Second, keep the process honest. Arab-Israeli peace may not be the administration's top priority, but if it wants a chance to succeed, it better make clear to Arabs, Israelis and to their domestic supporters that it won't be pushed around or taken for granted. Neither Bill Clinton nor George W. Bush ever got this quite right. Obama should make it clear that his administration will not be part of a phony or self-destructive process in which Israeli settlement activity or Palestinian incitement, violence or half-hearted security efforts undermine the environment for negotiations.
It's strange; I don't have any years of travelling the negotiator's highway, but these two things I would have just taken for granted from the off. The report here is also apposite.

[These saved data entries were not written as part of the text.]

text \<open>Variables are numbered by an injection e of a finite S \<subseteq> I into nat, so a point u of A^I
  yields the valuation u \<circ> inv_into S e.  Every valuation on e ` S arises in this way, which is
  why an equation holding on all of A^I is an identity of Omega(A).\<close>

lemma identity_transfer:
  assumes var: "in_variety ops" and inj: "inj_on e S" and SI: "S \<subseteq> I"
    and vars: "tvars s \<subseteq> e ` S" "tvars t \<subseteq> e ` S"
    and eq: "\<forall>u\<in>cube I. eval Omega_ops (u \<circ> inv_into S e) s = eval Omega_ops (u \<circ> inv_into S e) t"
  shows "eval ops (lv \<circ> inv_into S e) s = eval ops (lv \<circ> inv_into S e) t"
proof -
  have "eval Omega_ops \<rho> s = eval Omega_ops \<rho> t" for \<rho> :: "nat \<Rightarrow> 'a"
  proof -
    define u where "u i = (if i \<in> I then \<rho> (e i) else undefined)" for i
    have u: "u \<in> cube I" by (auto simp: cube_def u_def)
    have agree: "(u \<circ> inv_into S e) n = \<rho> n" if "n \<in> e ` S" for n
      using that inj SI by (auto simp: u_def inv_into_f_f)
    have "eval Omega_ops \<rho> s = eval Omega_ops (u \<circ> inv_into S e) s"
      using agree vars by (intro eval_cong) auto
    also have "\<dots> = eval Omega_ops (u \<circ> inv_into S e) t" using eq u by blast
    also have "\<dots> = eval Omega_ops \<rho> t"
      using agree vars by (intro eval_cong) auto
    finally show ?thesis .
  qed
  with var show ?thesis unfolding in_variety_def by blast
qed

definition op_trm :: "('i \<Rightarrow> nat) \<Rightarrow> ('a list \<Rightarrow> 'a) \<Rightarrow> 'i list \<Rightarrow> 'a trm" where
  "op_trm e r ks = Op r (map (Var \<circ> e) ks)"

lemma tvars_op_trm: "tvars (op_trm e r ks) = e ` set ks"
  by (auto simp: op_trm_def)

lemma eval_op_trm:
  assumes "inj_on e S" "set ks \<subseteq> S"
  shows "eval X (w \<circ> inv_into S e) (op_trm e r ks) = X r (map w ks)"
  using assms by (auto simp: op_trm_def inv_into_f_f subset_iff intro!: arg_cong[where f = "X r"])

lemma finite_inj_to_nat: "finite S \<Longrightarrow> \<exists>e :: 'x \<Rightarrow> nat. inj_on e S"
  using finite_imp_inj_to_nat_seg by blast

lemma determined_by_represents:
  fixes h :: "('i \<Rightarrow> 'a) \<Rightarrow> 'a"
  assumes S: "finite S" "S \<subseteq> I" and det: "determined_by I S h"
  shows "\<exists>r ks. represents I h r ks"
proof -
  obtain ks where ks: "set ks = S" using finite_list[OF S(1)] by blast
  define point :: "'a list \<Rightarrow> 'i \<Rightarrow> 'a" where
    "point xs i = (if i \<in> I then (case map_of (zip ks xs) i of Some a \<Rightarrow> a | None \<Rightarrow> undefined)
                   else undefined)" for xs i
  have point: "h u = h (point (map u ks))" if u: "u \<in> cube I" for u
  proof -
    have "point (map u ks) \<in> cube I" by (simp add: cube_def PiE_def extensional_def point_def)
    moreover have "\<forall>i\<in>S. u i = point (map u ks) i"
      using ks S(2) by (auto simp: point_def map_of_zip_map)
    ultimately show ?thesis using det u unfolding determined_by_def by blast
  qed
  have "represents I h (h \<circ> point) ks"
    unfolding represents_def comp_def using ks S(2) point by blast
  then show ?thesis by blast
qed

text \<open>The fibres of the j-th projection form a partition in P(A,J); uniform continuity pulls it
  back to a partition coarser than some P_S, i.e. the j-th coordinate of f depends only on S.\<close>

lemma unif_cont_coordinate_determined:
  fixes f :: "('i \<Rightarrow> 'a) \<Rightarrow> ('j \<Rightarrow> 'a)"
  assumes uc: "unif_cont I J f" and j: "j \<in> J"
  shows "\<exists>S. finite S \<and> S \<subseteq> I \<and> determined_by I S (\<lambda>u. f u j)"
proof -
  define P :: "('j \<Rightarrow> 'a) set set" where "P = {{v \<in> cube J. v j = a} | a. True} - {{}}"
  have "partition_on (cube J) P"
    unfolding partition_on_def disjoint_def P_def by auto
  moreover have "coarser P (agree_part J {j})"
    unfolding coarser_def agree_part_def
  proof clarify
    fix u :: "'j \<Rightarrow> 'a" assume "u \<in> cube J"
    then have "{v \<in> cube J. \<forall>i\<in>{j}. v i = u i} \<subseteq> {v \<in> cube J. v j = u j}"
      "{v \<in> cube J. v j = u j} \<in> P"
      by (auto simp: P_def)
    then show "\<exists>C\<in>P. {v \<in> cube J. \<forall>i\<in>{j}. v i = u i} \<subseteq> C" by blast
  qed
  ultimately have "P \<in> PAI J" using j unfolding PAI_def by blast
  then have "preimage_part (cube I) f P \<in> PAI I" using uc unfolding unif_cont_def by blast
  then obtain S where S: "finite S" "S \<subseteq> I" and coarse: "coarser (preimage_part (cube I) f P) (agree_part I S)"
    unfolding PAI_def by blast
  have "f u j = f v j" if u: "u \<in> cube I" and v: "v \<in> cube I" and agree: "\<forall>i\<in>S. u i = v i" for u v
  proof -
    have "{w \<in> cube I. \<forall>i\<in>S. w i = u i} \<in> agree_part I S" unfolding agree_part_def using u by blast
    then obtain C where C: "C \<in> preimage_part (cube I) f P" "{w \<in> cube I. \<forall>i\<in>S. w i = u i} \<subseteq> C"
      using coarse unfolding coarser_def by blast
    then obtain a where "C = f -` {w \<in> cube J. w j = a} \<inter> cube I"
      unfolding preimage_part_def P_def by blast
    moreover have "u \<in> C" "v \<in> C" using C(2) u v agree by auto
    ultimately show ?thesis by auto
  qed
  with S show ?thesis unfolding determined_by_def by blast
qed

lemma unif_cont_coordinate_represents:
  "unif_cont I J f \<Longrightarrow> j \<in> J \<Longrightarrow> \<exists>r ks. represents I (\<lambda>u. f u j) r ks"
  using unif_cont_coordinate_determined determined_by_represents by metis

lemma represents_same_value:
  assumes var: "in_variety ops" and h: "represents I h r ks" and h': "represents I h r' ks'"
  shows "ops r (map lv ks) = ops r' (map lv ks')"
proof -
  define S where "S = set ks \<union> set ks'"
  obtain e :: "_ \<Rightarrow> nat" where inj: "inj_on e S" using finite_inj_to_nat[of S] S_def by auto
  have sub: "set ks \<subseteq> S" "set ks' \<subseteq> S" and SI: "S \<subseteq> I"
    using h h' by (auto simp: S_def represents_def)
  have "eval ops (lv \<circ> inv_into S e) (op_trm e r ks) = eval ops (lv \<circ> inv_into S e) (op_trm e r' ks')"
    by (rule identity_transfer[OF var inj SI])
       (use sub h h' in \<open>auto simp: tvars_op_trm eval_op_trm[OF inj] Omega_ops_def represents_def\<close>)
  then show ?thesis by (simp add: eval_op_trm[OF inj sub(1)] eval_op_trm[OF inj sub(2)])
qed

lemma bar_fun_eq:
  assumes "in_variety ops" and "represents I h r ks"
  shows "bar_fun ops I h lv = ops r (map lv ks)"
proof -
  let ?P = "\<lambda>(r, ks). represents I h r ks"
  obtain r0 ks0 where choice: "(SOME x. ?P x) = (r0, ks0)" by fastforce
  have "represents I h r0 ks0" using someI[of ?P "(r, ks)"] assms(2) choice by simp
  then have "bar_fun ops I h lv = ops r0 (map lv ks0)"
    using choice by (simp add: bar_fun_def represents_def[abs_def])
  also have "\<dots> = ops r (map lv ks)" using represents_same_value assms \<open>represents I h r0 ks0\<close> by metis
  finally show ?thesis .
qed

lemma bar_fun_comp_represents:
  fixes f :: "('i \<Rightarrow> 'a) \<Rightarrow> ('j \<Rightarrow> 'a)"
  assumes var: "in_variety ops" and f: "f \<in> cube I \<rightarrow> cube J" and h: "represents J h s js"
    and fj: "\<forall>j\<in>set js. represents I (\<lambda>u. f u j) (R j) (KS j)"
  shows "bar_fun ops I (h \<circ> f) \<alpha> = ops s (map (\<lambda>j. ops (R j) (map \<alpha> (KS j))) js)"
proof -
  define S0 where "S0 = (\<Union>j\<in>set js. set (KS j))"
  have S0: "finite S0" "S0 \<subseteq> I" using fj by (auto simp: S0_def represents_def)
  have hf: "(h \<circ> f) u = s (map (\<lambda>j. R j (map u (KS j))) js)" if u: "u \<in> cube I" for u
  proof -
    have "(h \<circ> f) u = s (map (f u) js)" using f h u by (auto simp: represents_def)
    also have "map (f u) js = map (\<lambda>j. R j (map u (KS j))) js" using fj u by (simp add: represents_def)
    finally show ?thesis .
  qed
  have "determined_by I S0 (h \<circ> f)"
    unfolding determined_by_def S0_def using hf
    by (auto intro!: arg_cong[where f = s] arg_cong[where f = "R _"] map_cong)
  then obtain t ks where t: "represents I (h \<circ> f) t ks"
    using determined_by_represents[OF S0] by blast
  define S where "S = set ks \<union> S0"
  obtain e :: "'i \<Rightarrow> nat" where inj: "inj_on e S" using finite_inj_to_nat[of S] S0 by (auto simp: S_def)
  have SI: "S \<subseteq> I" and ks: "set ks \<subseteq> S" and KS: "\<And>j. j \<in> set js \<Longrightarrow> set (KS j) \<subseteq> S"
    using t S0 by (auto simp: S_def S0_def represents_def)
  let ?comp = "Op s (map (\<lambda>j. op_trm e (R j) (KS j)) js)"
  have eval_comp: "eval X (w \<circ> inv_into S e) ?comp = X s (map (\<lambda>j. X (R j) (map w (KS j))) js)" for X w
    using KS by (auto simp: eval_op_trm[OF inj] intro!: arg_cong[where f = "X s"] map_cong)
  have "\<forall>u\<in>cube I. eval Omega_ops (u \<circ> inv_into S e) ?comp
                    = eval Omega_ops (u \<circ> inv_into S e) (op_trm e t ks)"
    unfolding eval_comp eval_op_trm[OF inj ks] Omega_ops_def using hf t by (simp add: represents_def)
  then have "eval ops (\<alpha> \<circ> inv_into S e) ?comp = eval ops (\<alpha> \<circ> inv_into S e) (op_trm e t ks)"
    by (intro identity_transfer[OF var inj SI]) (use KS ks in \<open>auto simp: tvars_op_trm\<close>)
  then show ?thesis unfolding eval_comp eval_op_trm[OF inj ks] bar_fun_eq[OF var t] by simp
qed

Also apropos is this review of a new book by Alexander Yakobson and Amnon Rubinstein, defending the Zionist idea:
Mr Yakobson and Mr Rubinstein are both Israelis, the former a historian, the latter a professor of law who served in the cabinet of Yitzhak Rabin. In rebutting the arguments of Mr Judt and others [that the Jewish state is an anachronism], their aim is not to whitewash Israel. They strongly oppose the colonisation of the West Bank and admit that, in practice, Israel's treatment of its Arab citizens has fallen far short of the standard that should be demanded of a liberal democracy. But however deficient the practice, they say, there is no reason in principle why Israel cannot be both a Jewish state and a democracy whose non-Jewish citizens enjoy full civil equality. On the contrary, they insist, it is those who do not accept the legitimacy of a Jewish state who undermine the principle of equality, by denying to the Jews the right of self-determination they extend to others.
.....
Some say it was preposterous of the UN in 1947 to bring into being a Jewish state on the basis of a mystical land claim stretching back thousands of years. But this, as Messrs Yakobson and Rubinstein explain, is not what the UN did. Its decision was based hardly at all on the Bible and mostly on the political realities of the time: the actual presence in mandatory Palestine in the 1940s of two peoples whose equally authentic national aspirations seemed impossible to fulfil except by partition. The UN also noted that hundreds of thousands of displaced Holocaust survivors were desperate to leave Europe and they were welcome almost nowhere else.